I found this failure to be interesting, unexpected (to me), and it was honestly frustrating to watch Claude get it wrong over and over again. It seems like this deserves to be received by people smarter and more important than me.
I found your writing style to be off putting and confusing, which seems counterproductive given you seem to have put a lot of work into this benchmark.
I sincerely recommend using Claude to rewrite this post and putting the actual results of the benchmark in the style of a long post or research paper.
It’s not worth much but I’ll commit to strong upvoting it and posting it on my twitter if you do so.
Offputting: Why 4 em dashes in your title? Why does the tone, word choice, and style switch between fancy and not so often? Why the typoes? Claiming something is 50 times lower than commonly believed, redefining “times”, and then minimally supporting that redefinition seems fishy. Not actually giving the results in an understandable format (in this post, not in your benchmark where you seem to have done a really good job backing this up).

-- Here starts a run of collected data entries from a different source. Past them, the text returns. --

(* Let $k\ge 3$ and let $D$ be a digraph on $n$ vertices with $\delta^0(D)\ge\lceil (n+k)/2\rceil-1$. Let $S=(s_1,\dots,s_k)$ be a sequence of distinct vertices of $D$, let $C$ be a longest $S$-cycle in $D$, suppose $C$ is not Hamiltonian, and let $H$ be the subdigraph of $D$ induced by $V(D)\setminus V(C)$. Let $F$ be the set of vertices of $C$ which receive an edge from some vertex of $H$, and $T$ the set of vertices of $C$ which send an edge to some vertex of $H$. Suppose $H$ contains a vertex $v$ with $d^-_H(v)+d^+_H(v)\le |H|+k-1$, and suppose $x_1,x_2\in T$ and $y_1,y_2\in F$ are distinct vertices on $C$. Then $x_1v, vy_1\in E(D)$ or $x_2v, vy_2\in E(D)$ (or both).
   Context: Digraphs have no loops and at most one edge in each direction between any two vertices; paths and cycles are directed. $\delta^0(D)=\min\{\delta^+(D),\delta^-(D)\}$. An $S$-cycle is a directed cycle in $D$ encountering $s_1,\dots,s_k$ in this order. $d^\pm_H(v)$ denotes the out/indegree of $v$ within $H$. *)

theory Defs
  imports Complex_Main "HOL-Library.Sublist"
begin

text \<open>A digraph: finite vertex set V and edge relation E (no loops, edges inside V).
  At most one edge in each direction is automatic for a relation.\<close>
definition digraph :: "'a set \<Rightarrow> ('a \<Rightarrow> 'a \<Rightarrow> bool) \<Rightarrow> bool" where
  "digraph V E \<longleftrightarrow> finite V \<and> (\<forall>u w. E u w \<longrightarrow> u \<in> V \<and> w \<in> V) \<and> (\<forall>u. \<not> E u u)"

definition outdeg :: "'a set \<Rightarrow> ('a \<Rightarrow> 'a \<Rightarrow> bool) \<Rightarrow> 'a \<Rightarrow> nat" where
  "outdeg V E v = card {w \<in> V. E v w}"

definition indeg :: "'a set \<Rightarrow> ('a \<Rightarrow> 'a \<Rightarrow> bool) \<Rightarrow> 'a \<Rightarrow> nat" where
  "indeg V E v = card {w \<in> V. E w v}"

definition min_semideg :: "'a set \<Rightarrow> ('a \<Rightarrow> 'a \<Rightarrow> bool) \<Rightarrow> nat" where
  "min_semideg V E = Min ((\<lambda>v. min (outdeg V E v) (indeg V E v)) ` V)"
lemma plane_through_line:
  fixes a :: "nat \<Rightarrow> 'a::field"
  assumes r: "1 \<le> r" "r \<le> n - 1" and k: "k \<le> n"
  shows "\<exists>A \<phi>. indep_columns A n r \<and>
    (\<forall>i\<le>n. (\<Sum>j\<le>r. [:A i j:] * \<phi> j) = [:a i, if i = k then 1 else 0:])"
proof -
  obtain m w \<phi>\<^sub>0 \<phi>\<^sub>1 where m: "m \<le> n" "m \<noteq> k" "w m \<noteq> 0"
    and line: "\<And>i. i \<le> n \<Longrightarrow> [:w i:] * \<phi>\<^sub>0 + [:if i = k then 1 else 0:] * \<phi>\<^sub>1 = [:a i, if i = k then 1 else 0:]"
  proof (cases "\<exists>m\<le>n. m \<noteq> k \<and> a m \<noteq> 0")
    case True
    then obtain m where "m \<le> n" "m \<noteq> k" "a m \<noteq> 0"
      by blast
    then show thesis
      by (rule that[where w = a and \<phi>\<^sub>0 = 1 and \<phi>\<^sub>1 = "[:0, 1:]"]) simp
  next
    case False
    \<comment> \<open>Now \<open>a\<close> is a multiple of \<open>e\<^sub>k\<close>, so any \<open>e\<^sub>m\<close> with \<open>m \<noteq> k\<close> completes \<open>e\<^sub>k\<close> to a plane through the line.\<close>
    define m where "m = (if k = 0 then 1 else 0 :: nat)"
    have "m \<le> n" "m \<noteq> k"
      using r k by (auto simp: m_def)
    then show thesis
      by (rule that[where w = "\<lambda>i. if i = m then 1 else 0" and \<phi>\<^sub>0 = 0 and \<phi>\<^sub>1 = "[:a k, 1:]"])
         (use False in auto)
  qed
  obtain A where A: "indep_columns A n r" "\<forall>i. A i 0 = w i" "\<forall>i. A i 1 = (if i = k then 1 else 0)"
    using extend_to_indep_columns[where w = w, OF m k r(2)] by blast
  define \<phi> :: "nat \<Rightarrow> 'a poly" where "\<phi> j = (if j = 0 then \<phi>\<^sub>0 else if j = 1 then \<phi>\<^sub>1 else 0)" for j
  have "(\<Sum>j\<le>r. [:A i j:] * \<phi> j) = [:A i 0:] * \<phi>\<^sub>0 + [:A i 1:] * \<phi>\<^sub>1" for i
  proof -
    have "{..r} = {0, 1} \<union> {2..r}"
      using r by auto
    then show ?thesis
      by (simp add: \<phi>_def sum.union_disjoint)
  qed
  then show ?thesis
    using A line by (intro exI[of _ A] exI[of _ \<phi>]) simp
qed
(* Let $n\geq 2$ and $1\leq\mu_0\leq\mu_1\leq\cdots\leq\mu_n$. There exists a small constant $0<\sigma_0<\sqrt{\sigma_*}$, depending only on $n$, such that if $h\in C^\infty(\overline\Omega,\mathrm{Sym}_n)$ satisfies $$\|h-h_*\|_0+\frac{\mu_0}{\mu_1}\leq 2\sigma_0,\qquad \|h\|_i\leq\mu_0^i\ \text{ for all } i\geq 1,$$ then for every $j\geq 0$ there exist $a^j=(a^j_1,\dots,a^j_{n_*})\in C^\infty(\overline\Omega,\mathbb{R}^{n_*})$ and $\mathcal{E}^j\in C^\infty(\overline\Omega,\mathrm{Sym}_n)$ such that $$h=\sum_{i=1}^{n_*}(a_i^j)^2\xi_i\otimes\xi_i+\sum_{i=1}^n\mu_i^{-2}\nabla a_i^j\otimes\nabla a_i^j+\mathcal{E}^j,$$ with $a_i^j\geq\sqrt{\sigma_*}$ for $i=1,\dots,n_*$, and for all $k\ge 0$, $$\|a^j\|_k\leq C\mu_0^k,\qquad \|\mathcal{E}^j\|_k\leq C(\mu_0\mu_1^{-1})^{2(j+1)}\mu_0^k,$$ where $C$ depends only on $n$ (and on $j,k$).
   Context: $\Omega\subset\mathbb{R}^n$ is a bounded domain. $\mathrm{Sym}_n$ is the space of symmetric real $n\times n$ matrices, $n_*=n(n+1)/2$. $\{\xi_i\}_{i=1}^{n_*}=\{(e_i+e_j)/|e_i+e_j|:1\le i\le j\le n\}$ with $\xi_i=e_i$ for $i\le n$; $h_*=\sum_{i=1}^{n_*}\xi_i\otimes\xi_i$. $\sigma_*=\sigma_*(n)>0$ is a constant for which there exist linear maps $L_i:\mathrm{Sym}_n\to\mathbb{R}$ with $h=\sum_i L_i(h)\xi_i\otimes\xi_i$ for all $h\in\mathrm{Sym}_n$ and $L_i(h)\ge\sigma_*$ whenever $|h-h_*|\le 2\sigma_*$. Norms: $[f]_k=\sum_{|\beta|=k}\sup_\Omega|\nabla^\beta f|$, $\|f\|_k=\sum_{j\le k}[f]_j$. *)

theory Defs
  imports "HOL-Analysis.Analysis"
begin
lemma atom_update_contraction:
  assumes x: "x \<in> atom_box" and y: "y \<in> atom_box" and i: "i \<in> {0..<K}"
  shows "dist (atom_update x i) (atom_update y i)
           \<le> 5 * \<kappa> / deriv eta rU * (MAX j\<in>{0..<K}. dist (x j) (y j))"
proof -
  define D where "D = (MAX j\<in>{0..<K}. dist (x j) (y j))"
  have xy: "\<bar>x j - y j\<bar> \<le> D" if "j \<in> {0..<K}" for j
    unfolding D_def using that by (simp add: dist_real_def)
  then have "0 \<le> D"
    using K_pos by (meson abs_ge_zero atLeastLessThan_iff order_trans order_refl)
  then have ext: "\<bar>sym_ext x i - sym_ext y i\<bar> \<le> D" for i
    using xy[of "\<bar>i\<bar>"] by (simp add: sym_ext_def)
  let ?u = "inv_into {rL..rU} eta (atom_target (sym_ext x) i)"
  let ?v = "inv_into {rL..rU} eta (atom_target (sym_ext y) i)"
  have i': "0 \<le> i" "i < K"
    using i by auto
  have "deriv eta rU * \<bar>?u - ?v\<bar> \<le> \<bar>eta ?u - eta ?v\<bar>"
    using inv_eta_atom_target(1)[OF x i'] inv_eta_atom_target(1)[OF y i']
    by (intro eta_expansive) auto
  also have "\<dots> = \<bar>atom_target (sym_ext x) i - atom_target (sym_ext y) i\<bar>"
    using inv_eta_atom_target(2)[OF x i'] inv_eta_atom_target(2)[OF y i'] by simp
  also have "\<dots> \<le> 5 * \<kappa> * D"
    using i' ext by (intro atom_target_lipschitz sym_ext_in_spacing_box x y) (auto simp: sym_ext_def)
  finally have "\<bar>?u - ?v\<bar> \<le> 5 * \<kappa> / deriv eta rU * D"
    using \<kappa>_pos \<kappa>_gap by (simp add: field_simps)
  then show ?thesis
    using i by (simp add: atom_update_def dist_real_def D_def)
qed

lemma atom_update_unique_fixpoint: "\<exists>!x. x \<in> atom_box \<and> atom_update x = x"
proof (rule contraction_PiE_unique_fixpoint)
  show "5 * \<kappa> / deriv eta rU < 1"
    using \<kappa>_pos \<kappa>_gap by simp
qed (use K_pos rL_less_rU atom_update_maps atom_update_contraction in auto)

lemma equilibrium_of_fixpoint:
  assumes x: "x \<in> atom_box" "atom_update x = x"
  shows "\<forall>j. - N \<le> j \<and> j \<le> N \<longrightarrow> rL < sym_ext x j \<and> sym_ext x j < rU"
    and "\<forall>j. - N \<le> j \<and> j \<le> N + 1 \<longrightarrow> FQCF N K (sym_ext x) j + f j = 0"
proof -
  have atom: "x j = inv_into {rL..rU} eta (atom_target (sym_ext x) j)" if "j \<in> {0..<K}" for j
    using that fun_cong[OF x(2), of j] by (simp add: atom_update_def)
  then show "\<forall>j. - N \<le> j \<and> j \<le> N \<longrightarrow> rL < sym_ext x j \<and> sym_ext x j < rU"
    using inv_eta_atom_target(1)[OF x(1)] by (intro allI impI sym_ext_strict_bounds) auto
  have "residual (sym_ext x) j = 0" if "0 \<le> j" "j \<le> N" for j
  proof (cases "j < K")
    case True
    then show ?thesis
      using that atom[of j] inv_eta_atom_target(2)[OF x(1), of j]
      by (simp add: residual_atomistic sym_ext_def)
  next
    case False
    then show ?thesis
      using that continuum_spacing_solution(2)[of j] by (simp add: residual_def sym_ext_def)
  qed
  then show "\<forall>j. - N \<le> j \<and> j \<le> N + 1 \<longrightarrow> FQCF N K (sym_ext x) j + f j = 0"
    using equilibrium_iff_residual_zero[OF symmetric_sym_ext] by blast
qed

Confusing: What is the numbered list of ways you could come up with these questions? It seem like you are describing increasingly malfeasant ways to do so, but I can’t tell. Why not show some example responses from the LLM’s and/or explain their error modes? Telll us how you made these questions. What was your method for coming up with the formula you are using? etc.
Claude would genuinely fix most of these problems—run the post past him! He may not be so good at reasoning as I thought, but he is really good at writing things.
The failures seem to be often related to the model get stuck trying to reason about your problem in a way that pattern matches too strongly to similar problems, and that is why it is failing. Did you notice this as well?